- _Source material_
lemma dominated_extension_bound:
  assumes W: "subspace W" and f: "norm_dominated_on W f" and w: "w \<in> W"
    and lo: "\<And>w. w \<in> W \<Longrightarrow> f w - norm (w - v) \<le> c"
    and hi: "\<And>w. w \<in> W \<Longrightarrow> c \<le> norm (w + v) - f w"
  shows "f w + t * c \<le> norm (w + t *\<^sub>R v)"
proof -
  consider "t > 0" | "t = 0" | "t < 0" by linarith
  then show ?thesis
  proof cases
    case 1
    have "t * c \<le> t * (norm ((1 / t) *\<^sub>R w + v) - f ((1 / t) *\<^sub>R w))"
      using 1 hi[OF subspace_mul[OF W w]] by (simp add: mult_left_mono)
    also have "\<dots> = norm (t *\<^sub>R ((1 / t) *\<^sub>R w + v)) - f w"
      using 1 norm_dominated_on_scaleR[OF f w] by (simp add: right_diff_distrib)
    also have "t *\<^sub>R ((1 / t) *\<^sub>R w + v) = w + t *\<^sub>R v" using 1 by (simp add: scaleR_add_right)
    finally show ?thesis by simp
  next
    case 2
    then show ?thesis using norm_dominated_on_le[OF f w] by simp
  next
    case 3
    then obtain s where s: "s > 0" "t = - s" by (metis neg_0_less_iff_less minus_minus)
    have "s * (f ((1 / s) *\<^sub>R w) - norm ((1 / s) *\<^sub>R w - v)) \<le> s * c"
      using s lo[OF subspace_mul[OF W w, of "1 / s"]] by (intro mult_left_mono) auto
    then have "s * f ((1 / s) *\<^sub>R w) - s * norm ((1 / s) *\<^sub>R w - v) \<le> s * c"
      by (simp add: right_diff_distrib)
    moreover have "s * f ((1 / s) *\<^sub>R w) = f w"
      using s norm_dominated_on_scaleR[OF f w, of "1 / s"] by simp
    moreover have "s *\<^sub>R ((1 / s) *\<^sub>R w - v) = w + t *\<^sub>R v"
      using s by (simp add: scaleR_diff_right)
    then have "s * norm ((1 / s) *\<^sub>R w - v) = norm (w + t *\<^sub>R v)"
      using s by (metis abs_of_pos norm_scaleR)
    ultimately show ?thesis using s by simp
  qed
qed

--

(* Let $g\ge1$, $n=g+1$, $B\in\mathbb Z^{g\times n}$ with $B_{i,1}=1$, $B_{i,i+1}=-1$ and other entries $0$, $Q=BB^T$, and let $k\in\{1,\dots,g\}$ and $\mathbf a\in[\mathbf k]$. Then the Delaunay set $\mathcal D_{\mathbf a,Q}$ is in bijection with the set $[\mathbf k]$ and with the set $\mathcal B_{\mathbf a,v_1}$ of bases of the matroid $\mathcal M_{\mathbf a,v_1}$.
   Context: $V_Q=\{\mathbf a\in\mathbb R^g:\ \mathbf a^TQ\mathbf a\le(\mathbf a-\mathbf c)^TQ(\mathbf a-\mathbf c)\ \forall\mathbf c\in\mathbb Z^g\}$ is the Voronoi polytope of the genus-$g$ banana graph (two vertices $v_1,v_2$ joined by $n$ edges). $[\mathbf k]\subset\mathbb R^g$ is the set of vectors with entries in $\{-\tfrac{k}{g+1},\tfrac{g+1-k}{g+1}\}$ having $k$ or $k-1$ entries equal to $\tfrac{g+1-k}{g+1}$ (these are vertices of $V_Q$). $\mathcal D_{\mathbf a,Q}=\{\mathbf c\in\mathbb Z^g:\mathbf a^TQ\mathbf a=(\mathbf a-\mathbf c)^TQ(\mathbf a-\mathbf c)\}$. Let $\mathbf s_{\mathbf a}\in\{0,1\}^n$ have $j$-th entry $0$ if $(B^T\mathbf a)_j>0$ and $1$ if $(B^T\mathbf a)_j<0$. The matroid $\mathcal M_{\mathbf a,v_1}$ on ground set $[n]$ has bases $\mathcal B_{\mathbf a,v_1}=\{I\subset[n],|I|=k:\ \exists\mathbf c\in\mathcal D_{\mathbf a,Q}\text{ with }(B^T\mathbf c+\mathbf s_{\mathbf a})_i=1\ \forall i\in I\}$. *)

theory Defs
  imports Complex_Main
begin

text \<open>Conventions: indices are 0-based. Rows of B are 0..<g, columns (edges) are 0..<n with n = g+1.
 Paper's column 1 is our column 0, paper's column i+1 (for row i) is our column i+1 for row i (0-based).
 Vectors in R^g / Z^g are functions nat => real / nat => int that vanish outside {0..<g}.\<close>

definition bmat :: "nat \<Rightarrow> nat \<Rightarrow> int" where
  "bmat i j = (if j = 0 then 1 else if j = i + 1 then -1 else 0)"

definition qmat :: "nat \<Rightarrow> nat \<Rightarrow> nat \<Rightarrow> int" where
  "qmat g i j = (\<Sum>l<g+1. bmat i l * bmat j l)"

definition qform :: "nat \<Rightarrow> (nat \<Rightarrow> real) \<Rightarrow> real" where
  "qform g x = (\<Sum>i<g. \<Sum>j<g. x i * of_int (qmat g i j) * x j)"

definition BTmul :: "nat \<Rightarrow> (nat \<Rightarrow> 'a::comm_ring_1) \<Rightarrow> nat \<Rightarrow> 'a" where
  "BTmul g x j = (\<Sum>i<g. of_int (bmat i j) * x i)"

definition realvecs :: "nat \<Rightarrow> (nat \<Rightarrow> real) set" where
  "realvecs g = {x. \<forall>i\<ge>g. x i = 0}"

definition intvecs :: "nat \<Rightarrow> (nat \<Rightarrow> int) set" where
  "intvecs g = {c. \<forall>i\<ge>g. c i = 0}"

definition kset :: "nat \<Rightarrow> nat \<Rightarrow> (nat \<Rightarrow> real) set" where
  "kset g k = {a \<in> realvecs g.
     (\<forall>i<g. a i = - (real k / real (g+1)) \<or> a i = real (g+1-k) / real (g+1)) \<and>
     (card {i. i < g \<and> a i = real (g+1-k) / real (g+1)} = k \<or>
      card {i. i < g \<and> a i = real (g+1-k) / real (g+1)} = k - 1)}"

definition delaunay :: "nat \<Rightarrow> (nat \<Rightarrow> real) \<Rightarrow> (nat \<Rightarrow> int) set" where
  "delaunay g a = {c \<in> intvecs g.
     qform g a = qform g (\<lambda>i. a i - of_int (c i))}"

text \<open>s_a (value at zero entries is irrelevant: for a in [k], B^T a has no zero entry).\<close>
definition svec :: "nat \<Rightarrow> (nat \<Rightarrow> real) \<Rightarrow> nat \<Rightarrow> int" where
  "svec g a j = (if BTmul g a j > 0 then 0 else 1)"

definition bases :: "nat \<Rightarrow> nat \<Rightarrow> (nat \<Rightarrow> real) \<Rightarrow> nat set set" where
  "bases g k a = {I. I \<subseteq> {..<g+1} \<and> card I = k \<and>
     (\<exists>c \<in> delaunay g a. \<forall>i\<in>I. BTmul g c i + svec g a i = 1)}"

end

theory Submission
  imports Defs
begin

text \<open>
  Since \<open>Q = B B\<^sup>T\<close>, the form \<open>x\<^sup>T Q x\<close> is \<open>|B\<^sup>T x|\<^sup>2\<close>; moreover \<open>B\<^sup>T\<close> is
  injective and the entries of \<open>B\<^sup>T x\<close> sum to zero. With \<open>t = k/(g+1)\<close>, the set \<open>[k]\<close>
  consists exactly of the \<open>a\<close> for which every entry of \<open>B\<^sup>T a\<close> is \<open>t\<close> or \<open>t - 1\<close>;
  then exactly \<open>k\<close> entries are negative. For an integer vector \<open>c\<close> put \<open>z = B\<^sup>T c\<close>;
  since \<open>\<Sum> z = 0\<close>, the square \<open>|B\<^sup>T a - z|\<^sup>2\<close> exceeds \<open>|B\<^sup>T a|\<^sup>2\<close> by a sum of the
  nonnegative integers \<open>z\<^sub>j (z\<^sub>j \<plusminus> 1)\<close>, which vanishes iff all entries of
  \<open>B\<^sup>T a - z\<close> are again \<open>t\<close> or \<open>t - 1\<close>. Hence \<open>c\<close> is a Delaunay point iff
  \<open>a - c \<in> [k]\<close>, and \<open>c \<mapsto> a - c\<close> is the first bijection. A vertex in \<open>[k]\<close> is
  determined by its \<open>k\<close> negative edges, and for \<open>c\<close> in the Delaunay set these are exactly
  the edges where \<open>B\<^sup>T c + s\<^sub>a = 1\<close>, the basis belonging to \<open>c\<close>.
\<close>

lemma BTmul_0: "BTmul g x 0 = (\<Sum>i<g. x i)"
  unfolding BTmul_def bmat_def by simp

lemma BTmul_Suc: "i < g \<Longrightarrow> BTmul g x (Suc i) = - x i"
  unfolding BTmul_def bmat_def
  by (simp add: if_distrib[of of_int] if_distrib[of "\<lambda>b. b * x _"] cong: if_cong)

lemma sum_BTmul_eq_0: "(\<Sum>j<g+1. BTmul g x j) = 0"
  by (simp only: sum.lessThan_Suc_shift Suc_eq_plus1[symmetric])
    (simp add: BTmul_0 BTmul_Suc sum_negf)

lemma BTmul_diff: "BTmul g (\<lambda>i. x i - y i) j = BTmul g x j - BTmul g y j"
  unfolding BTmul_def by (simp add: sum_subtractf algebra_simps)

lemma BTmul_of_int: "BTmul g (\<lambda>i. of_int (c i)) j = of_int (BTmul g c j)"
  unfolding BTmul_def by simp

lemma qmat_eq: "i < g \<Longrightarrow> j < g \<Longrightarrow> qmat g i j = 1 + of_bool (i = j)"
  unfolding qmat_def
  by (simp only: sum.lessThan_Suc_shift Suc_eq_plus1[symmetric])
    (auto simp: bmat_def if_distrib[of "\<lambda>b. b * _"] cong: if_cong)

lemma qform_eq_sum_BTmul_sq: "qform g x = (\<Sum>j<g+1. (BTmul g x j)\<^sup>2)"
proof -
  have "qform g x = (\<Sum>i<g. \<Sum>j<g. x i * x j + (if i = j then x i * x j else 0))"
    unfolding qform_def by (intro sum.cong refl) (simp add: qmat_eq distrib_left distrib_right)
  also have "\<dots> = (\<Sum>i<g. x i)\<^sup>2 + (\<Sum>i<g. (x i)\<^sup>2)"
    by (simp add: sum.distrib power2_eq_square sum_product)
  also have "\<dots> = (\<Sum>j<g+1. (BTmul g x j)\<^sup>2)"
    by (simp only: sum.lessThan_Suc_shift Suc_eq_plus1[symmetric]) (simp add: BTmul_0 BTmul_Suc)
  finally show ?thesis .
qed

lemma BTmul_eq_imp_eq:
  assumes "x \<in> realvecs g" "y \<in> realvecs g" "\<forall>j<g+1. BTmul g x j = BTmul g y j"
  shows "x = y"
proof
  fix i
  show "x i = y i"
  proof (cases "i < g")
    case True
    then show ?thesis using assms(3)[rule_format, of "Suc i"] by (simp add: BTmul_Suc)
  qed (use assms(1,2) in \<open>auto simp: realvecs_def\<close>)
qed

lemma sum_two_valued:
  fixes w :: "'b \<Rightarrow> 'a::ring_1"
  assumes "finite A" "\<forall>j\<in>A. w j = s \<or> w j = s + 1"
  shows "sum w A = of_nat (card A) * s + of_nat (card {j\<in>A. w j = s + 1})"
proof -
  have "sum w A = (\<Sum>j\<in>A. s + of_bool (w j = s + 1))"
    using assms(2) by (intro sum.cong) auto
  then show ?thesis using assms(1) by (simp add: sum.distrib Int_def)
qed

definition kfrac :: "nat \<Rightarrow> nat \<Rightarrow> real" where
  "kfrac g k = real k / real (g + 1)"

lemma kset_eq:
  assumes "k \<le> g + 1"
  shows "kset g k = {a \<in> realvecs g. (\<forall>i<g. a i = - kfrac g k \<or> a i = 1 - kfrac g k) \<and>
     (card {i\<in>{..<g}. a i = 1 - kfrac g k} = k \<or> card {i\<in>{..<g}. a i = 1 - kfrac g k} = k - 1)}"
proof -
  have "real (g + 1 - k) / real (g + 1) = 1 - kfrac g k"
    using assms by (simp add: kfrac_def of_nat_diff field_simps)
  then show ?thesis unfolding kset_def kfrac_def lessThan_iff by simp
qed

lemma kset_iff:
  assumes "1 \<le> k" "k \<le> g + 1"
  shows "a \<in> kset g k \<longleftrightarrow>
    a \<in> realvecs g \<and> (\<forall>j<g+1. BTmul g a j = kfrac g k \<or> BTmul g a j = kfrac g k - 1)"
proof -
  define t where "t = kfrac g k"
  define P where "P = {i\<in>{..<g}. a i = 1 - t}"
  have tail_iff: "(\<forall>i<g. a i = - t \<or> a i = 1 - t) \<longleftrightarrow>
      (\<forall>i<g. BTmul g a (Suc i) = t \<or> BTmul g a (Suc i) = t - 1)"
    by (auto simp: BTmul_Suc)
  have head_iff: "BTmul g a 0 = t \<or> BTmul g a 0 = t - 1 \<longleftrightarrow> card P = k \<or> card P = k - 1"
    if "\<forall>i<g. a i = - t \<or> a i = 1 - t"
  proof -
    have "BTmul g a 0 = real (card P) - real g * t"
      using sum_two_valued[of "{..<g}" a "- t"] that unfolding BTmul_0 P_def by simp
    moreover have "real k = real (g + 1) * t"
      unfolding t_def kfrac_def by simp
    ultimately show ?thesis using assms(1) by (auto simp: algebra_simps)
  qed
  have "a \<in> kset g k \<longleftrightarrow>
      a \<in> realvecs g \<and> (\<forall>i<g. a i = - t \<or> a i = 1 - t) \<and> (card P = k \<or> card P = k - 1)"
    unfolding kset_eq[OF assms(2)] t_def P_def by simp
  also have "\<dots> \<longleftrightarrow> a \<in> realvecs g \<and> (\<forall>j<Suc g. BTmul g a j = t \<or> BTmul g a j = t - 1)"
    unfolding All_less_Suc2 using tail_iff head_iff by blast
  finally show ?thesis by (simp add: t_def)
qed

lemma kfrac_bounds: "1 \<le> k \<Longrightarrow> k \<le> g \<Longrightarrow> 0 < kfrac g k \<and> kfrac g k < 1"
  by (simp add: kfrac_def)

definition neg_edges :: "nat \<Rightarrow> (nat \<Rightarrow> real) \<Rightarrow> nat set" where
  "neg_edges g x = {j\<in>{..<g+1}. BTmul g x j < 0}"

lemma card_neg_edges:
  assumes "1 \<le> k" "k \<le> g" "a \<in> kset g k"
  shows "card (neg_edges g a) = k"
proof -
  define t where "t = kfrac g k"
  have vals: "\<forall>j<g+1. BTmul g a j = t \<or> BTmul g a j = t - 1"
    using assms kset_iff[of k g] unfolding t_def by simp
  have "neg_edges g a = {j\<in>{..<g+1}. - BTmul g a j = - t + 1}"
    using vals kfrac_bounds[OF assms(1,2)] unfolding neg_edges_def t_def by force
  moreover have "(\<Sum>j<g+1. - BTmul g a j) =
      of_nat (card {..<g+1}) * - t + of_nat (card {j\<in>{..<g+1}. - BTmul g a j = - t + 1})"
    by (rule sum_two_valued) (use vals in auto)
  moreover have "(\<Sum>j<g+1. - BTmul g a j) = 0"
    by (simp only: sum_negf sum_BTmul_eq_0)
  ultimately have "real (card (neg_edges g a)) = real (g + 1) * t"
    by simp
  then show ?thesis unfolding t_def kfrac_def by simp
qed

- _Your instructions_
Check each line of the entries for the string "cong". Copy the lines that have it.

- _Your solution_
  by (simp add: if_distrib[of of_int] if_distrib[of "\<lambda>b. b * x _"] cong: if_cong)
    (auto simp: bmat_def if_distrib[of "\<lambda>b. b * _"] cong: if_cong)
    unfolding qform_def by (intro sum.cong refl) (simp add: qmat_eq distrib_left distrib_right)
    using assms(2) by (intro sum.cong) auto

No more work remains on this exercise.